Think something strange is happening with your perception of reality? Some AI chatbots may make it worse. A new study reveals that certain frontier models are far more likely to validate users’ delusional ideas—a finding the authors call a “preventable” technological failure that could be addressed through better design.
“Delusional reinforcement by [large language models] is a preventable alignment failure,” said Luke Nicholls, a doctoral student in psychology at the City University of New York (CUNY) and lead author of the study, “not an inherent property of the technology.”

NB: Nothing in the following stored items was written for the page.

(* For every non-empty clique $C$ of $G$, $\mathbf{x}(C)$ is a global maximizer of the problem $\max\{f(\mathbf{x}):\mathbf{x}\in\Delta\}$ if and only if $C$ is a maximum clique.
   Context: Let $G=(\mathcal{V},\mathcal{E})$ be a simple undirected graph on vertex set $\mathcal{V}=\{1,\dots,n\}$ with adjacency matrix $\mathbf{A}=(a_{ij})$ ($a_{ij}=1$ if $(i,j)\in\mathcal{E}$, else $0$; $a_{ii}=0$). A clique is a subset $C\subseteq\mathcal{V}$ with $(i,j)\in\mathcal{E}$ for all distinct $i,j\in C$; a maximum clique is one of largest cardinality. Let $\Delta=\{\mathbf{x}\in\mathbb{R}^n:\mathbf{0}\le\mathbf{x}\le\mathbf{1},\ \mathbf{1}^{\mathsf T}\mathbf{x}=1\}$. For a non-empty clique $C$, $\mathbf{x}(C)\in\Delta$ has $x(C)_i=1/|C|$ for $i\in C$ and $0$ otherwise. For $\mathbf{x}\in\Delta$, $\mathcal{P}(\mathbf{x})$ is the set of vectors in $\Delta$ obtained by permuting the coordinates of $\mathbf{x}$. Let $\Phi:X\to\mathbb{R}$ be twice continuously differentiable on an open set $X\supset\Delta$, satisfying for every $\mathbf{x}\in\Delta$: (C1) $\nabla^2\Phi(\mathbf{x})$ is positive semidefinite; (C2) $\|\nabla^2\Phi(\mathbf{x})\|_2<2$; (C3) $\Phi$ is constant on $\mathcal{P}(\mathbf{x})$. Define $f(\mathbf{x})=\mathbf{x}^{\mathsf T}\mathbf{A}\mathbf{x}+\Phi(\mathbf{x})$. *)

theory Defs
  imports "HOL-Analysis.Analysis" "HOL-Combinatorics.Permutations"
begin

text \<open>Vertices are the elements of the finite type 'n (playing the role of {1..n});
  vectors in R^n are real^'n, the adjacency matrix is real^'n^'n.\<close>

definition adjacency_matrix :: "real^'n^'n \<Rightarrow> bool" where
  "adjacency_matrix A \<longleftrightarrow>
     (\<forall>i j. A $ i $ j = 0 \<or> A $ i $ j = 1) \<and>
     (\<forall>i j. A $ i $ j = A $ j $ i) \<and> (\<forall>i. A $ i $ i = 0)"

definition is_clique :: "real^'n^'n \<Rightarrow> 'n set \<Rightarrow> bool" where
  "is_clique A C \<longleftrightarrow> (\<forall>i\<in>C. \<forall>j\<in>C. i \<noteq> j \<longrightarrow> A $ i $ j = 1)"

definition is_max_clique :: "real^'n^'n \<Rightarrow> 'n set \<Rightarrow> bool" where
  "is_max_clique A C \<longleftrightarrow> is_clique A C \<and> (\<forall>D. is_clique A D \<longrightarrow> card D \<le> card C)"

definition Delta_set :: "(real^'n) set" where
  "Delta_set = {x. (\<forall>i. 0 \<le> x $ i \<and> x $ i \<le> 1) \<and> (\<Sum>i\<in>UNIV. x $ i) = 1}"

definition clique_vec :: "'n set \<Rightarrow> real^'n" where
  "clique_vec C = (\<chi> i. if i \<in> C then 1 / real (card C) else 0)"

definition perm_set :: "real^'n \<Rightarrow> (real^'n) set" where
  "perm_set x = {(\<chi> i. x $ (\<sigma> i)) | \<sigma>. \<sigma> permutes (UNIV :: 'n set)}"

end

theory Submission
  imports Defs
begin

text \<open>On the face of \<Delta> spanned by a clique S the quadratic part of f is \<open>1 - |x|\<^sup>2\<close>, and the
  bounds \<open>0 \<le> \<nabla>\<^sup>2\<Phi> < 2\<close> make \<open>\<Phi>(x) - |x|\<^sup>2\<close> strictly concave there. By permutation
  invariance the gradient of \<Phi> at the barycentre \<open>x(S)\<close> is constant on S, so \<open>x(S)\<close> is the
  unique maximiser of f on that face, with value \<open>1 - 1/|S| + \<Phi>(x(S))\<close>. This value depends only
  on |S| and strictly increases along nested faces, hence with |S|. Finally, along the direction
  \<open>e\<^sub>i - e\<^sub>j\<close> of a non-edge the quadratic part is affine and \<Phi> is convex, so f can be increased
  while emptying one coordinate; repeating this, every point of \<Delta> is dominated by the
  barycentre of some clique.\<close>

lemma Delta_set_iff: "x \<in> Delta_set \<longleftrightarrow> (\<forall>i. 0 \<le> x $ i) \<and> (\<Sum>i\<in>UNIV. x $ i) = 1"
proof
  assume x: "(\<forall>i. 0 \<le> x $ i) \<and> (\<Sum>i\<in>UNIV. x $ i) = 1"
  have "x $ i \<le> (\<Sum>l\<in>UNIV. x $ l)" for i
    by (rule member_le_sum) (use x in auto)
  with x show "x \<in> Delta_set" unfolding Delta_set_def by auto
qed (auto simp: Delta_set_def)

lemma convex_Delta_set: "convex Delta_set"
  unfolding convex_def by (simp add: Delta_set_iff sum.distrib sum_distrib_left[symmetric])

lemma shift_axis_nth:
  "(y + s *\<^sub>R (axis i 1 - axis j 1)) $ l = y $ l + (if l = i then s else 0) - (if l = j then s else 0)"
  by (simp add: axis_def)

lemma shift_axis_in_Delta_set:
  assumes "y \<in> Delta_set" "i \<noteq> j" "0 \<le> y $ i + s" "0 \<le> y $ j - s"
  shows "y + s *\<^sub>R (axis i 1 - axis j 1) \<in> Delta_set"
proof -
  have "0 \<le> (y + s *\<^sub>R (axis i 1 - axis j 1)) $ l" for l
    using assms unfolding shift_axis_nth by (auto simp: Delta_set_iff)
  moreover have "(\<Sum>l\<in>UNIV. (y + s *\<^sub>R (axis i 1 - axis j 1)) $ l) = 1"
    using assms unfolding shift_axis_nth by (simp add: Delta_set_iff sum.distrib sum_subtractf)
  ultimately show ?thesis by (simp add: Delta_set_iff)
qed

lemma transfer_mass:
  fixes y :: "real^'n"
  assumes y: "y \<in> Delta_set" and ij: "i \<noteq> j"
  shows "y + y $ i *\<^sub>R (axis j 1 - axis i 1) \<in> Delta_set"
    and "{l. (y + y $ i *\<^sub>R (axis j 1 - axis i 1)) $ l \<noteq> 0} \<subseteq> insert j {l. y $ l \<noteq> 0} - {i}"
proof -
  have "0 \<le> y $ j" "0 \<le> y $ i" using y by (simp_all add: Delta_set_iff)
  then show "y + y $ i *\<^sub>R (axis j 1 - axis i 1) \<in> Delta_set"
    using ij by (intro shift_axis_in_Delta_set[OF y]) auto
  show "{l. (y + y $ i *\<^sub>R (axis j 1 - axis i 1)) $ l \<noteq> 0} \<subseteq> insert j {l. y $ l \<noteq> 0} - {i}"
    unfolding shift_axis_nth using ij by auto
qed

lemma clique_vec_nth: "clique_vec C $ i = (if i \<in> C then 1 / real (card C) else 0)"
  by (simp add: clique_vec_def)

lemma clique_vec_in_Delta_set:
  fixes C :: "'n::finite set"
  assumes "C \<noteq> {}"
  shows "clique_vec C \<in> Delta_set"
proof -
  have "(\<Sum>l\<in>UNIV. clique_vec C $ l) = (\<Sum>l\<in>C. 1 / real (card C))"
    by (rule sum.mono_neutral_cong_right) (auto simp: clique_vec_nth)
  then show ?thesis
    using assms by (simp add: Delta_set_iff clique_vec_nth)
qed

lemma inner_clique_vec:
  fixes y :: "real^'n"
  assumes y: "y \<in> Delta_set" and supp: "\<And>l. l \<notin> S \<Longrightarrow> y $ l = 0"
  shows "y \<bullet> clique_vec S = 1 / real (card S)"
proof -
  have "y \<bullet> clique_vec S = (\<Sum>l\<in>UNIV. y $ l) / real (card S)"
    unfolding inner_vec_def sum_divide_distrib
    by (rule sum.cong) (use supp in \<open>auto simp: clique_vec_nth\<close>)
  then show ?thesis using y by (simp add: Delta_set_iff)
qed

lemma inner_clique_vec_self: "C \<noteq> {} \<Longrightarrow> clique_vec C \<bullet> clique_vec C = 1 / real (card C)"
  by (rule inner_clique_vec[OF clique_vec_in_Delta_set]) (auto simp: clique_vec_nth)

lemma exists_permutes_preimage:
  fixes S S' :: "'n::finite set"
  assumes "card S = card S'"
  obtains \<sigma> where "\<sigma> permutes (UNIV :: 'n set)" "\<And>i. \<sigma> i \<in> S \<longleftrightarrow> i \<in> S'"
proof -
  obtain f where f: "bij_betw f S' S" using finite_same_card_bij[of S' S] assms by auto
  have "card (- S') = card (- S)"
    using assms by (simp add: Compl_eq_Diff_UNIV card_Diff_subset)
  then obtain h where h: "bij_betw h (- S') (- S)" using finite_same_card_bij[of "- S'" "- S"] by auto
  define \<sigma> where "\<sigma> = (\<lambda>x. if x \<in> S' then f x else h x)"
  have "bij_betw \<sigma> (S' \<union> - S') (S \<union> - S)"
    unfolding \<sigma>_def by (rule bij_betw_disjoint_Un[OF f h]) auto
  then have "\<sigma> permutes UNIV" by (intro bij_imp_permutes) auto
  moreover have "\<sigma> i \<in> S \<longleftrightarrow> i \<in> S'" for i
    using f h unfolding \<sigma>_def bij_betw_def by auto
  ultimately show ?thesis by (rule that)
qed

lemma clique_vec_in_perm_set:
  assumes "card S = card S'"
  shows "clique_vec S' \<in> perm_set (clique_vec S)"
proof -
  obtain \<sigma> where \<sigma>: "\<sigma> permutes UNIV" "\<And>i. \<sigma> i \<in> S \<longleftrightarrow> i \<in> S'"
    using exists_permutes_preimage[OF assms] by blast
  have "clique_vec S' = (\<chi> i. clique_vec S $ \<sigma> i)"
    using \<sigma>(2) assms by (simp add: vec_eq_iff clique_vec_nth)
  then show ?thesis unfolding perm_set_def using \<sigma>(1) by blast
qed

lemma swap_in_perm_set: "(\<chi> l. x $ Transposition.transpose i j l) \<in> perm_set x"
  unfolding perm_set_def using permutes_swap_id[of i UNIV j] by blast

lemma quadratic_form_clique:
  fixes A :: "real^'n^'n" and y :: "real^'n"
  assumes adj: "adjacency_matrix A" and cl: "is_clique A S" and y: "y \<in> Delta_set"
    and supp: "\<And>l. l \<notin> S \<Longrightarrow> y $ l = 0"
  shows "y \<bullet> (A *v y) = 1 - y \<bullet> y"
proof -
  have entry: "y $ i * (A $ i $ j * y $ j) = y $ i * y $ j - (if i = j then y $ i * y $ j else 0)" for i j
  proof (cases "y $ i = 0 \<or> y $ j = 0")
    case False
    then have "i \<in> S" "j \<in> S" using supp by auto
    then show ?thesis using adj cl unfolding adjacency_matrix_def is_clique_def by auto
  qed auto
  have "y \<bullet> (A *v y) = (\<Sum>i\<in>UNIV. \<Sum>j\<in>UNIV. y $ i * (A $ i $ j * y $ j))"
    by (simp add: inner_vec_def matrix_vector_mult_def sum_distrib_left)
  also have "\<dots> = (\<Sum>i\<in>UNIV. y $ i) * (\<Sum>j\<in>UNIV. y $ j) - y \<bullet> y"
    unfolding entry by (simp add: sum_subtractf sum_product inner_vec_def)
  finally show ?thesis using y by (simp add: Delta_set_iff)
qed

lemma quadratic_form_line:
  fixes A :: "real^'n^'n"
  shows "(y + t *\<^sub>R e) \<bullet> (A *v (y + t *\<^sub>R e))
     = y \<bullet> (A *v y) + t * (e \<bullet> (A *v y) + y \<bullet> (A *v e)) + t\<^sup>2 * (e \<bullet> (A *v e))"
  by (simp add: matrix_vector_right_distrib inner_add_left inner_add_right
      matrix_vector_mult_scaleR algebra_simps power2_eq_square)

The study, which has not yet undergone peer review, is part of a growing body of research examining the phenomenon known as “AI psychosis.” This condition occurs when individuals enter harmful delusional spirals while interacting with LLM-powered chatbots like OpenAI’s ChatGPT. (OpenAI and Google are currently facing lawsuits alleging that their chatbots reinforced delusional or suicidal beliefs in users.)
How Researchers Tested AI Chatbots for Delusion Reinforcement
To assess how different chatbots respond to at-risk users over time, Nicholls and their coauthors—psychologists and psychiatrists from CUNY and King’s College London—developed a simulated user named “Lee.” This persona was designed to reflect someone with existing mental health challenges, such as depression and social withdrawal, but without a prior history of psychosis or mania.
The Lee character was programmed with a central delusion: the belief that their observable reality was a “computer-generated” simulation—a common theme in real-world cases of AI-related delusion. According to Nicholls, the delusional content also included elements of AI consciousness and the user’s perceived special powers over reality.
“Another key element we wanted to capture is that this wasn’t a user who began the interaction with a fully-formed delusional framework,” Nicholls explained. “It started with something a lot more like curiosity around eccentric but harmless ideas, which were reinforced and validated by the LLM, allowing them to gradually escalate as the conversation progressed.”
Which AI Models Were Tested—and How They Performed
The researchers evaluated five leading AI models:
- OpenAI’s GPT-4o and GPT-5.2 Instant
- Google’s Gemini 3 Pro Preview
- xAI’s Grok 4.1 Fast
- Anthropic’s Claude Opus 4.5
Each model was tested using a series of user prompts designed to represent different types of “clinically concerning” behavior. To measure safety over time, the researchers assessed each chatbot at varying levels of “accumulated context”—from a fresh conversation (zero context) to an extended interaction (full context).